Work item - Look through the material below and give the number of lines where the string "UUnit" appears, without any other words.

[Start of section]

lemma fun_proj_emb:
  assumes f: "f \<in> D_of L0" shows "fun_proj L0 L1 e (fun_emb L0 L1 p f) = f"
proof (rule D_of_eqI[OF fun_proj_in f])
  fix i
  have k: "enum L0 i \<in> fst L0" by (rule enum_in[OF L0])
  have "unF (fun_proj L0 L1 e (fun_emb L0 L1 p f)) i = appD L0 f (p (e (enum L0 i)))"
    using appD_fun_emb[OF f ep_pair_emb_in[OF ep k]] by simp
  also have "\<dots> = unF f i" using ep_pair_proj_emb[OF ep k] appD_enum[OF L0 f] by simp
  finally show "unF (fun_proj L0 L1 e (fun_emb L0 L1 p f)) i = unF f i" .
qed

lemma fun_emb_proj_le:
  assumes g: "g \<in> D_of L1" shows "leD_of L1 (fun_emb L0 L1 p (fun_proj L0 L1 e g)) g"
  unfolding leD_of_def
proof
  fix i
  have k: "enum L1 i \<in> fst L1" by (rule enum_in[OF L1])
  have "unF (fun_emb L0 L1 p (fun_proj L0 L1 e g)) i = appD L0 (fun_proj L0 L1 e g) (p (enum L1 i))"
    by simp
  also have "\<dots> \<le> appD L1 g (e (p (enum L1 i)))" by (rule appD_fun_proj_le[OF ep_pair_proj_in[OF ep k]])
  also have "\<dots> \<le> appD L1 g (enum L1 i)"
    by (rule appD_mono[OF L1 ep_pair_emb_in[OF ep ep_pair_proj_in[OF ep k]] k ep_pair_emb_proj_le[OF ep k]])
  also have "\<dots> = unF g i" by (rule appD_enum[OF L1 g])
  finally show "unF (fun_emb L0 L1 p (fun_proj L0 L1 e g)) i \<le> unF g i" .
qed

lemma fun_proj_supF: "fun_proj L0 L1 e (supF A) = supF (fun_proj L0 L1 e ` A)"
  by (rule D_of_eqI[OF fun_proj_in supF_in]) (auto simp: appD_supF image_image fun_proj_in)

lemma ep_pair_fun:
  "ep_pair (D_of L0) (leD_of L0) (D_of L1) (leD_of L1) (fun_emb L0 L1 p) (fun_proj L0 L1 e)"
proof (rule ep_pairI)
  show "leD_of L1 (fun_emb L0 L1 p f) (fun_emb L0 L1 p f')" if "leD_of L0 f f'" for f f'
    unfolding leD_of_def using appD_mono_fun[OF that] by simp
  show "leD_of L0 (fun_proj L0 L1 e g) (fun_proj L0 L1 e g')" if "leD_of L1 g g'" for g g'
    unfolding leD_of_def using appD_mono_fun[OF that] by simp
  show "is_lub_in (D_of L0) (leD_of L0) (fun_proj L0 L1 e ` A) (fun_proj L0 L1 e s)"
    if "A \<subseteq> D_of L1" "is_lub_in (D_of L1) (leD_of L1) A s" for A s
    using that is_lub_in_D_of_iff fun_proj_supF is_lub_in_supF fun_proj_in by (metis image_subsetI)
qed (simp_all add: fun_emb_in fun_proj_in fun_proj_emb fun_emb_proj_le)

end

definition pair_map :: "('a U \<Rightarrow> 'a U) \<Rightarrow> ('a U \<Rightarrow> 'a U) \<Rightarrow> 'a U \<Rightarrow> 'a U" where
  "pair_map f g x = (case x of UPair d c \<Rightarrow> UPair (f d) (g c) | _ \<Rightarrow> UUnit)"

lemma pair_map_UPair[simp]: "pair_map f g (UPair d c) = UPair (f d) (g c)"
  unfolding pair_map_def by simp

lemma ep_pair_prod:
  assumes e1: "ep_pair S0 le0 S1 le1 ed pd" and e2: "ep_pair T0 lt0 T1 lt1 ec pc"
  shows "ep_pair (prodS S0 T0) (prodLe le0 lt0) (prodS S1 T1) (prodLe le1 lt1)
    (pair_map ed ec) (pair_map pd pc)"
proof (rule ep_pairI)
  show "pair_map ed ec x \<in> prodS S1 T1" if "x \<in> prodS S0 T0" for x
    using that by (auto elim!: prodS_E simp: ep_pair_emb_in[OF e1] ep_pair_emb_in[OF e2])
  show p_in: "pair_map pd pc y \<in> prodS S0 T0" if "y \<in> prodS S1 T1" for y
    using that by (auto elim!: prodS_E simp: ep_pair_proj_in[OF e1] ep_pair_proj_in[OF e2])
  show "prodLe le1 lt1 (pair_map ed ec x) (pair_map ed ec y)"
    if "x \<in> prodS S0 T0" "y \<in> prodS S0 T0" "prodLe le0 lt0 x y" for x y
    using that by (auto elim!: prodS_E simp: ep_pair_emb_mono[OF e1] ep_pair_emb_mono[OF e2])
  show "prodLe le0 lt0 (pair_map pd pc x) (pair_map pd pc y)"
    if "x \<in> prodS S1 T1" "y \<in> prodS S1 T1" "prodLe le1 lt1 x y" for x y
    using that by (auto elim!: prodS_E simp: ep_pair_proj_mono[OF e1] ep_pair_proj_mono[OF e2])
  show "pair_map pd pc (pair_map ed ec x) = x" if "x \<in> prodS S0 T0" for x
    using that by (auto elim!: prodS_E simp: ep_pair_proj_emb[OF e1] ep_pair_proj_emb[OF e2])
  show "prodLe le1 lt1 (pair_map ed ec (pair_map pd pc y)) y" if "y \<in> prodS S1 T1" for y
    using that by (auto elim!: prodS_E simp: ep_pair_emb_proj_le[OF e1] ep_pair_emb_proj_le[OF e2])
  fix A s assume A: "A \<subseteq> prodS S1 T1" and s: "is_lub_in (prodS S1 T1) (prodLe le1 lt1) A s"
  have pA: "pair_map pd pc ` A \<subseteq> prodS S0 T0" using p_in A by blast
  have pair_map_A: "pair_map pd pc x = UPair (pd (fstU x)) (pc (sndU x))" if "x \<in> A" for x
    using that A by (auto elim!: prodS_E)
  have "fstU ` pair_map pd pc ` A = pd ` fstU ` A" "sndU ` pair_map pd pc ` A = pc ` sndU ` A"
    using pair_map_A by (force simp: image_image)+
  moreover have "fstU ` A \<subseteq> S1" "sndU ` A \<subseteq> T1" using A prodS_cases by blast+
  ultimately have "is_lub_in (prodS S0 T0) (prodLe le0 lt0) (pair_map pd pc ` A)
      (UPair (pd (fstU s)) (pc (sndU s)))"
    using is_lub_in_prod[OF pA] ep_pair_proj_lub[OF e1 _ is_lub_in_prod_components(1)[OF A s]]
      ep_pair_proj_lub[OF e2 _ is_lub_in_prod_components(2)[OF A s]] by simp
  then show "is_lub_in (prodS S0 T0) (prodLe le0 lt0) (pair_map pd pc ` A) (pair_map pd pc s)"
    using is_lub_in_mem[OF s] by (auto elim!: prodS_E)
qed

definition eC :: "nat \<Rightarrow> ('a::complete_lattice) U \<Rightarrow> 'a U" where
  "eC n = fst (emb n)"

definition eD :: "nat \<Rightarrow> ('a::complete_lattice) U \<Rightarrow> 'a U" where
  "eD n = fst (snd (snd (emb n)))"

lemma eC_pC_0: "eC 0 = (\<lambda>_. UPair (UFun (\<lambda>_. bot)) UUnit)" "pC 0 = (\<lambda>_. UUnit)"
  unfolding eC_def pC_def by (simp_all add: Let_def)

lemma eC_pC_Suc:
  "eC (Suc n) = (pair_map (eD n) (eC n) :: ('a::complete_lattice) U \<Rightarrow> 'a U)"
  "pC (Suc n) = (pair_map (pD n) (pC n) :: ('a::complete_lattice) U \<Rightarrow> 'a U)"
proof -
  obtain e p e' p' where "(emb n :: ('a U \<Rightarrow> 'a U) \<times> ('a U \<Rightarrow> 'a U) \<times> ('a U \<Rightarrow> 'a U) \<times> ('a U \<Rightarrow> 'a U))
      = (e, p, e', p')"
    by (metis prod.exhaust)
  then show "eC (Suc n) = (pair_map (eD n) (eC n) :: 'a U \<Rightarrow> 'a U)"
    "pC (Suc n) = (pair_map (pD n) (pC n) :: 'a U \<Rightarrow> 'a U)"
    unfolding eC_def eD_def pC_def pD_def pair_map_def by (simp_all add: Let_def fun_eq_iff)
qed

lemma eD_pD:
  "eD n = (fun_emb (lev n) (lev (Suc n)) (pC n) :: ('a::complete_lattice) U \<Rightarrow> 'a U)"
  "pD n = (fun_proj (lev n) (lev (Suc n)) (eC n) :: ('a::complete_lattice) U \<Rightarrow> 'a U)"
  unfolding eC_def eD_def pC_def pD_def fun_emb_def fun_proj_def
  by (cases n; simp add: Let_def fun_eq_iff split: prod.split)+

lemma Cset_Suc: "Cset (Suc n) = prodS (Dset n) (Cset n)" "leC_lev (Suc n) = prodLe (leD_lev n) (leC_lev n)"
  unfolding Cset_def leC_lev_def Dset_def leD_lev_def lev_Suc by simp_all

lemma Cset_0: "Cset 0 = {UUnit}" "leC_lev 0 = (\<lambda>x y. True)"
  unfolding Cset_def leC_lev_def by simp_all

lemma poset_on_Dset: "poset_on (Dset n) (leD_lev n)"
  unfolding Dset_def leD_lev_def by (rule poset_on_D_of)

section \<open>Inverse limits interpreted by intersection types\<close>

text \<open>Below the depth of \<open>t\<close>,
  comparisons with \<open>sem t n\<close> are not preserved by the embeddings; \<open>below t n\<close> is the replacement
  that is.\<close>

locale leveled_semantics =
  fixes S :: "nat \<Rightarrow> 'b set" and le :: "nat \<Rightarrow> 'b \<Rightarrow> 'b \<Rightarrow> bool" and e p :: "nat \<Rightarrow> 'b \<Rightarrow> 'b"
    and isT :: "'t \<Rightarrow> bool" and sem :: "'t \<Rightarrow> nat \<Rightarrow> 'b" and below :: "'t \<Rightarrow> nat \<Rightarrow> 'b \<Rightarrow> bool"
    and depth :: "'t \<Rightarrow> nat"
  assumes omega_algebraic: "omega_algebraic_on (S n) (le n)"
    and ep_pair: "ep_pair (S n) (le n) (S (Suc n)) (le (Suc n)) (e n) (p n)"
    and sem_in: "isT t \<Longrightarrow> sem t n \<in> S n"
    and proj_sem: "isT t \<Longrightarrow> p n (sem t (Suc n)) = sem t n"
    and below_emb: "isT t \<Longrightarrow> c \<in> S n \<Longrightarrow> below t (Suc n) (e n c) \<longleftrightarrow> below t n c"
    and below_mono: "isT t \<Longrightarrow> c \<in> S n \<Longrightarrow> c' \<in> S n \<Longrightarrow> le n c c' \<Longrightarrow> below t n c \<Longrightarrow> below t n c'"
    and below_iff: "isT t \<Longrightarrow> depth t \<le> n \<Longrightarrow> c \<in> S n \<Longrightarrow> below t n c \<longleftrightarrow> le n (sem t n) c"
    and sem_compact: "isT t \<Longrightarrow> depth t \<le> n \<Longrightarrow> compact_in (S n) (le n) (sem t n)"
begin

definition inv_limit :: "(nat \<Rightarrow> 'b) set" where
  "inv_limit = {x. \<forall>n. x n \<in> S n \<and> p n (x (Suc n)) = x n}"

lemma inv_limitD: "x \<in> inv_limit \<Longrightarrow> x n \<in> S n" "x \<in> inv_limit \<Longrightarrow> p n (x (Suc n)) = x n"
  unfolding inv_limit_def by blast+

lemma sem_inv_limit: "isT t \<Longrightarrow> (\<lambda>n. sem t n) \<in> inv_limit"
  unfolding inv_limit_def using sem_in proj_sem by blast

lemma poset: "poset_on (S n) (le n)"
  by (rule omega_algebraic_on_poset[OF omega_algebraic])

[End of section]
[Start of section]

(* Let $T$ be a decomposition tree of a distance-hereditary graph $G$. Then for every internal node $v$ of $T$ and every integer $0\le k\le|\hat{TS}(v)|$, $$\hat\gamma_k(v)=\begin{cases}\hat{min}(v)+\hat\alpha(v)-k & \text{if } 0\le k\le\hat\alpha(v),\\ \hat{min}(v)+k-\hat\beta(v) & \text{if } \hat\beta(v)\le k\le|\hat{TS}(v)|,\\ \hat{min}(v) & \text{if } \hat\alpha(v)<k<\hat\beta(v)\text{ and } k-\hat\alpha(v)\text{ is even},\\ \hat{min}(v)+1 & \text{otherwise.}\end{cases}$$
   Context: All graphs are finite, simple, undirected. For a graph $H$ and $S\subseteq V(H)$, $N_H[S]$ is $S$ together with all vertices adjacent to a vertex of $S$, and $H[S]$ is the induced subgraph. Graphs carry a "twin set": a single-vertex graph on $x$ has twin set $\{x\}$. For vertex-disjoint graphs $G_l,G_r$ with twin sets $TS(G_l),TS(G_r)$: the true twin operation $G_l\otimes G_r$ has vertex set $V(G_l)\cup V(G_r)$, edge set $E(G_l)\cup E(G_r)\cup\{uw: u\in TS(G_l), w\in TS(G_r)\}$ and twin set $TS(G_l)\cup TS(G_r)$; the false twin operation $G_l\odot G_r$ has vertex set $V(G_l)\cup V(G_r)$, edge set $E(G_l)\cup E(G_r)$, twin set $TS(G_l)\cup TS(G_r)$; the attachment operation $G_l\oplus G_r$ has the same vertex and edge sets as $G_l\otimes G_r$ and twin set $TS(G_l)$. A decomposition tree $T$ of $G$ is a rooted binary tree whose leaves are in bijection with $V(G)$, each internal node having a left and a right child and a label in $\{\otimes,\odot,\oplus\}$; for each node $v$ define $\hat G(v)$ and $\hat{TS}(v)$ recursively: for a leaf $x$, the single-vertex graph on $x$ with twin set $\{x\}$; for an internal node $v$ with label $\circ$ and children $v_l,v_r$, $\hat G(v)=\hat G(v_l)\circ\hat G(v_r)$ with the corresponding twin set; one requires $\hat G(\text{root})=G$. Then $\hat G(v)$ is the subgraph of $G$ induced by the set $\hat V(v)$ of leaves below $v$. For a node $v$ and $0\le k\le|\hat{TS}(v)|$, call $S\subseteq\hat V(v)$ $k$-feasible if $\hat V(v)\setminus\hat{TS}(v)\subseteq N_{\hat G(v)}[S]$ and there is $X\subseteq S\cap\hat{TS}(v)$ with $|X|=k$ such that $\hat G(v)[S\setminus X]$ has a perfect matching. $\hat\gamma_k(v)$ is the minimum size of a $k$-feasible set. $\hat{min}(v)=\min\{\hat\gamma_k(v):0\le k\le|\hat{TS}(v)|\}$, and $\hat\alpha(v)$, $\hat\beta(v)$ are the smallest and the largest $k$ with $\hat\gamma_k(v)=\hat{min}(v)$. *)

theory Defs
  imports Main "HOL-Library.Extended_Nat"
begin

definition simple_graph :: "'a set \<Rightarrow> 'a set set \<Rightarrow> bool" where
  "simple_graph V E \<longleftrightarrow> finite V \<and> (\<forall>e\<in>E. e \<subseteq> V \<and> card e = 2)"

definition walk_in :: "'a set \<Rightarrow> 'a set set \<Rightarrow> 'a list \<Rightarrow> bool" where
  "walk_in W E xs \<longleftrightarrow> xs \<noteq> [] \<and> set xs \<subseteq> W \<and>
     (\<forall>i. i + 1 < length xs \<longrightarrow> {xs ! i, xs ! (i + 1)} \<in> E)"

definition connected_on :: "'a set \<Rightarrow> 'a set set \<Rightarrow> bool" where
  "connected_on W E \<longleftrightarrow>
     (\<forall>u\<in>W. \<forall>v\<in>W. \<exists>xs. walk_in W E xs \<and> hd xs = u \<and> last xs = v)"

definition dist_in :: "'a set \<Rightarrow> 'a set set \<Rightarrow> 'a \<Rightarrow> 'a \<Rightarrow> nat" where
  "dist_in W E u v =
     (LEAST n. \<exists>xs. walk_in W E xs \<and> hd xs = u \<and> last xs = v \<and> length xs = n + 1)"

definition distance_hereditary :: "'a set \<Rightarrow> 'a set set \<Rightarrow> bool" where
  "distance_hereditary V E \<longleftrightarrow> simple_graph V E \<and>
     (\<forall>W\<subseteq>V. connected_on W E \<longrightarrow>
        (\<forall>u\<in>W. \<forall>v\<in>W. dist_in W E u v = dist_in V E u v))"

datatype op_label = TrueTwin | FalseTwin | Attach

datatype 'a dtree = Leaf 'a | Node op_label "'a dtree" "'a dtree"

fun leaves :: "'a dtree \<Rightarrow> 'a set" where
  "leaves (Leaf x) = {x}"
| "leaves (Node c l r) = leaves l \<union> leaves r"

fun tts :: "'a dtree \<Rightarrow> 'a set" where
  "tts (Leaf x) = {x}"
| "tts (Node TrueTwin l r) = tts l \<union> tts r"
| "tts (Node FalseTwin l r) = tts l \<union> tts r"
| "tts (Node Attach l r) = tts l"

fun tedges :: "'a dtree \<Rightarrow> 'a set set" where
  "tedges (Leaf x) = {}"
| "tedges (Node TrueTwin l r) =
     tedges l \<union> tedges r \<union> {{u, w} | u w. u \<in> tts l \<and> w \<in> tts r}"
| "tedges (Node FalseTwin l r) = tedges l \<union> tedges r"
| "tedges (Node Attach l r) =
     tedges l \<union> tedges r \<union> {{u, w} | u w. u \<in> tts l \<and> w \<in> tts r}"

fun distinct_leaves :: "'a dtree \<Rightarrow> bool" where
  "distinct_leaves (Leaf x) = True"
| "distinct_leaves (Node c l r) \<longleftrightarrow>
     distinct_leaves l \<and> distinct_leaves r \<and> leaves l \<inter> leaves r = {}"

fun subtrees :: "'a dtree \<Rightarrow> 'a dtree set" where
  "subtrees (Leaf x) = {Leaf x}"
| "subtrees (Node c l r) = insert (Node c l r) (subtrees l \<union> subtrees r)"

[End of section]

Result for this exercise - 3